(Given data begins)

lemma binomial_term_Suc:
  assumes "j < n"
  shows "binomial_term n k (Suc j) * (real (Suc j) * real (n - k))
    = binomial_term n k j * (real (n - j) * real k)"
proof -
  have "real (Suc j) * real (n choose Suc j) = real (n - j) * real (n choose j)"
    using binomial_absorption[of j n] binomial_absorb_comp[of n j] by (metis of_nat_mult)
  moreover have "real (n - k) ^ (n - j) = real (n - k) ^ (n - Suc j) * real (n - k)"
    using assms by (metis Suc_diff_Suc power_Suc2)
  ultimately show ?thesis
    unfolding binomial_term_def by (simp add: mult_ac)
qed

lemma binomial_term_le_mode:
  assumes "k \<le> n" "j \<le> n"
  shows "binomial_term n k j \<le> binomial_term n k k"
proof -
  let ?t = "binomial_term n k"
  have nonneg: "?t j \<ge> 0" for j
    unfolding binomial_term_def by simp
  have up: "?t j \<le> ?t (Suc j)" if "j < k" for j
  proof (cases "k = n")
    case True
    then have "?t j = 0"
      using that by (simp add: binomial_term_def)
    then show ?thesis using nonneg by simp
  next
    case False
    have "real (Suc j) * real (n - k) \<le> real (n - j) * real k"
      using that by (metis diff_le_mono2 less_eq_Suc_le mult.commute mult_le_mono
          of_nat_le_iff of_nat_mult order_less_le)
    then have "?t j * (real (Suc j) * real (n - k)) \<le> ?t (Suc j) * (real (Suc j) * real (n - k))"
      using binomial_term_Suc[of j n k] that assms by (simp add: mult_left_mono nonneg)
    then show ?thesis using False assms by (simp add: mult_le_cancel_right)
  qed
  have down: "?t (Suc j) \<le> ?t j" if "k \<le> j" "j < n" for j
  proof -
    have "real (n - j) * real k \<le> real (Suc j) * real (n - k)"
      using that by (metis diff_le_mono2 le_Suc_eq mult_le_mono mult_of_nat_commute
          of_nat_le_iff of_nat_mult)
    then have "?t (Suc j) * (real (Suc j) * real (n - k)) \<le> ?t j * (real (Suc j) * real (n - k))"
      using binomial_term_Suc[of j n k] that by (simp add: mult_left_mono nonneg)
    then show ?thesis using that by (simp add: mult_le_cancel_right)
  qed
  show ?thesis
  proof (cases "j \<le> k")
    case True
    then show ?thesis
      by (induction j rule: inc_induct) (auto intro: order.trans[OF up])
  next
    case False
    then have "k \<le> j" by simp
    then show ?thesis
      using assms(2) by (induction j rule: dec_induct) (auto intro: order.trans[OF down])
  qed
qed

lemma binomial_central_term_bound:
  assumes "k \<le> n"
  shows "real n ^ n \<le> real (n + 1) * (real (n choose k) * real k ^ k * real (n - k) ^ (n - k))"
proof -
  have "real n ^ n = (real k + real (n - k)) ^ n"
    using assms by simp
  also have "\<dots> = (\<Sum>j\<le>n. binomial_term n k j)"
    unfolding binomial_ring binomial_term_def by simp
  also have "\<dots> \<le> (\<Sum>j\<le>n. binomial_term n k k)"
    using assms by (intro sum_mono binomial_term_le_mode) simp_all
  finally show ?thesis by (simp add: binomial_term_def)
qed

text \<open>\<open>binomial_entropy n k = n H(k/n)\<close> for the natural-log entropy \<open>H\<close>; the convention
  \<open>0 ln 0 = 0\<close> holds because \<open>ln 0 = 0\<close>.\<close>
definition binomial_entropy :: "nat \<Rightarrow> nat \<Rightarrow> real" where
  "binomial_entropy n k =
     real n * ln (real n) - real k * ln (real k) - real (n - k) * ln (real (n - k))"

lemma exp_nat_mult_ln_nat: "exp (real n * ln (real n)) = real n ^ n"
  by (cases "n = 0") (simp_all add: exp_of_nat_mult)

lemma binomial_ge_exp_binomial_entropy:
  assumes "k \<le> n"
  shows "exp (binomial_entropy n k) / real (n + 1) \<le> real (n choose k)"
proof -
  have pos: "real k ^ k * real (n - k) ^ (n - k) > 0"
    by (intro mult_pos_pos) (cases "k = 0"; cases "n - k = 0"; simp)+
  have "exp (binomial_entropy n k) = real n ^ n / (real k ^ k * real (n - k) ^ (n - k))"
    unfolding binomial_entropy_def by (simp add: exp_diff exp_nat_mult_ln_nat)
  also have "\<dots> \<le> real (n + 1) * real (n choose k)"
    using binomial_central_term_bound[OF assms] pos by (simp add: divide_le_eq mult_ac)
  finally show ?thesis by (simp add: divide_le_eq mult_ac)
qed

lemma pmf_binomial_half_ge:
  assumes "h \<le> m"
  shows "exp (binomial_entropy m h) / (real (m + 1) * 2 ^ m) \<le> pmf (binomial_pmf m (1/2)) h"
proof -
  have "exp (binomial_entropy m h) / (real (m + 1) * 2 ^ m) \<le> real (m choose h) / 2 ^ m"
    using binomial_ge_exp_binomial_entropy[OF assms] by (simp add: divide_right_mono flip: divide_divide_eq_left)
  also have "\<dots> = pmf (binomial_pmf m (1/2)) h"
    using assms by (simp add: power_add [symmetric] power_divide)
  finally show ?thesis .
qed

lemma pmf_neg_binomial_ge:
  assumes "0 < p" "p \<le> 1" "h \<ge> 1"
  shows "exp (binomial_entropy (n + h - 1) n) / real (n + h) * p ^ h * (1 - p) ^ n
     \<le> pmf (neg_binomial_pmf h p) n"
proof -
  have "exp (binomial_entropy (n + h - 1) n) / real (n + h) \<le> real ((n + h - 1) choose n)"
    using binomial_ge_exp_binomial_entropy[of n "n + h - 1"] assms by simp
  then have "exp (binomial_entropy (n + h - 1) n) / real (n + h) * p ^ h * (1 - p) ^ n
      \<le> real ((n + h - 1) choose n) * p ^ h * (1 - p) ^ n"
    using assms by (intro mult_right_mono) auto
  then show ?thesis
    using assms by (simp add: pmf_neg_binomial)
qed

definition xlnx :: "real \<Rightarrow> real" where
  "xlnx t = t * ln t"

lemma isCont_xlnx: "t > 0 \<Longrightarrow> isCont xlnx t"
  unfolding xlnx_def by (intro continuous_intros) auto

lemma binomial_entropy_div:
  assumes "m > 0" "k \<le> n"
  shows "binomial_entropy n k / m
    = xlnx (real n / m) - xlnx (real k / m) - xlnx (real (n - k) / m)"
proof -
  have xlnx_div: "xlnx (x / m) = (x * ln x - x * ln m) / m" if "x \<ge> 0" for x
    using that assms by (cases "x = 0") (simp_all add: xlnx_def ln_div field_simps)
  show ?thesis
    unfolding binomial_entropy_def using assms by (simp add: xlnx_div field_simps)
qed

lemma tendsto_div_real_of_bounded_dev:
  fixes x :: "nat \<Rightarrow> real"
  assumes "\<forall>\<^sub>F m in sequentially. \<bar>x m - c * real m\<bar> \<le> C"
  shows "(\<lambda>m. x m / real m) \<longlonglongrightarrow> c"
proof -
  have "(\<lambda>m. (x m - c * real m) / real m) \<longlonglongrightarrow> 0"
  proof (rule Lim_null_comparison)
    show "\<forall>\<^sub>F m in sequentially. norm ((x m - c * real m) / real m) \<le> C / real m"
      using assms by eventually_elim (simp add: divide_right_mono)
    show "(\<lambda>m. C / real m) \<longlonglongrightarrow> 0" by real_asymp
  qed
  then have "(\<lambda>m. (x m - c * real m) / real m + c) \<longlonglongrightarrow> 0 + c"
    by (intro tendsto_add tendsto_const)
  moreover have "\<forall>\<^sub>F m in sequentially. (x m - c * real m) / real m + c = x m / real m"
    using eventually_gt_at_top[of 0] by eventually_elim (simp add: field_simps)
  ultimately show ?thesis
    by (simp add: tendsto_cong)
qed

lemma binomial_entropy_rate:
  assumes "\<forall>\<^sub>F m in sequentially. k m \<le> n m"
    and k: "(\<lambda>m. real (k m) / real m) \<longlonglongrightarrow> \<kappa>"
    and n: "(\<lambda>m. real (n m) / real m) \<longlonglongrightarrow> \<nu>"
    and "0 < \<kappa>" "\<kappa> < \<nu>"
  shows "(\<lambda>m. binomial_entropy (n m) (k m) / real m) \<longlonglongrightarrow> xlnx \<nu> - xlnx \<kappa> - xlnx (\<nu> - \<kappa>)"
proof -
  have "(\<lambda>m. xlnx (real (n m) / m) - xlnx (real (k m) / m) - xlnx (real (n m) / m - real (k m) / m))
      \<longlonglongrightarrow> xlnx \<nu> - xlnx \<kappa> - xlnx (\<nu> - \<kappa>)"
    using assms by (intro tendsto_intros isCont_tendsto_compose[OF isCont_xlnx]) auto
  moreover have "\<forall>\<^sub>F m in sequentially.
      xlnx (real (n m) / m) - xlnx (real (k m) / m) - xlnx (real (n m) / m - real (k m) / m)
      = binomial_entropy (n m) (k m) / real m"
    using assms(1) eventually_gt_at_top[of 0]
    by eventually_elim (simp add: binomial_entropy_div of_nat_diff diff_divide_distrib)
  ultimately show ?thesis
    by (simp add: tendsto_cong)
qed

lemma exponential_rate_lower_bound:
  assumes "\<forall>\<^sub>F m in sequentially. 0 < f m \<and> f m \<le> g m"
    and "(\<lambda>m. ln (f m) / real m) \<longlonglongrightarrow> L"
  shows "\<exists>X. X \<longlonglongrightarrow> exp (- L) \<and> (\<forall>\<^sub>F m in sequentially. inverse (X m ^ m) \<le> g m)"
proof (intro exI conjI)
  show "(\<lambda>m. exp (- (ln (f m) / real m))) \<longlonglongrightarrow> exp (- L)"
    by (intro tendsto_intros assms)
  show "\<forall>\<^sub>F m in sequentially. inverse (exp (- (ln (f m) / real m)) ^ m) \<le> g m"
    using assms(1) eventually_gt_at_top[of 0]
    by eventually_elim (simp add: exp_minus power_inverse flip: exp_of_nat_mult)
qed

lemma tendsto_ln_div_real_zero:
  fixes x :: "nat \<Rightarrow> real"
  assumes "\<forall>\<^sub>F m in sequentially. 1 \<le> x m \<and> x m \<le> 2 * real m"
  shows "(\<lambda>m. ln (x m) / real m) \<longlonglongrightarrow> 0"
proof (rule tendsto_sandwich)
  show "\<forall>\<^sub>F m in sequentially. 0 \<le> ln (x m) / real m"
    using assms by eventually_elim simp
  show "\<forall>\<^sub>F m in sequentially. ln (x m) / real m \<le> ln (2 * real m) / real m"
    using assms by eventually_elim (simp add: divide_right_mono)
  show "(\<lambda>m. ln (2 * real m) / real m) \<longlonglongrightarrow> 0"
    by real_asymp
qed simp

lemma real_nat_ceiling_bounds: "0 \<le> x \<Longrightarrow> x \<le> real (nat \<lceil>x\<rceil>) \<and> real (nat \<lceil>x\<rceil>) \<le> x + 1"
  using of_int_ceiling_le_add_one[of x] by (simp add: of_nat_nat)

lemma real_nat_floor_bounds: "0 \<le> x \<Longrightarrow> x - 1 \<le> real (nat \<lfloor>x\<rfloor>) \<and> real (nat \<lfloor>x\<rfloor>) \<le> x"
  by (simp add: of_nat_nat)

text \<open>The exponential rate of \<open>Pr[Bin(m, 1/2) = bm] Pr[NB(bm, p) = cm]\<close>.\<close>
definition log_rate :: "real \<Rightarrow> real \<Rightarrow> real \<Rightarrow> real" where
  "log_rate p b c = - xlnx b - xlnx (1 - b) + (xlnx (b + c) - xlnx c - xlnx b)
     - ln 2 + b * ln p + c * ln (1 - p)"

definition entropy_lower_bound :: "real \<Rightarrow> nat \<Rightarrow> nat \<Rightarrow> nat \<Rightarrow> real" where
  "entropy_lower_bound p m h n = exp (binomial_entropy m h) / (real (m + 1) * 2 ^ m)
     * (exp (binomial_entropy (n + h - 1) n) / real (n + h) * p ^ h * (1 - p) ^ n)"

(Given data ends)

Work request:
Each line from the one that contains "- ln 2 + b * ln" to the end of the data should be set down exactly, both ends included.

Your response:
     - ln 2 + b * ln p + c * ln (1 - p)"

definition entropy_lower_bound :: "real \<Rightarrow> nat \<Rightarrow> nat \<Rightarrow> nat \<Rightarrow> real" where
  "entropy_lower_bound p m h n = exp (binomial_entropy m h) / (real (m + 1) * 2 ^ m)
     * (exp (binomial_entropy (n + h - 1) n) / real (n + h) * p ^ h * (1 - p) ^ n)"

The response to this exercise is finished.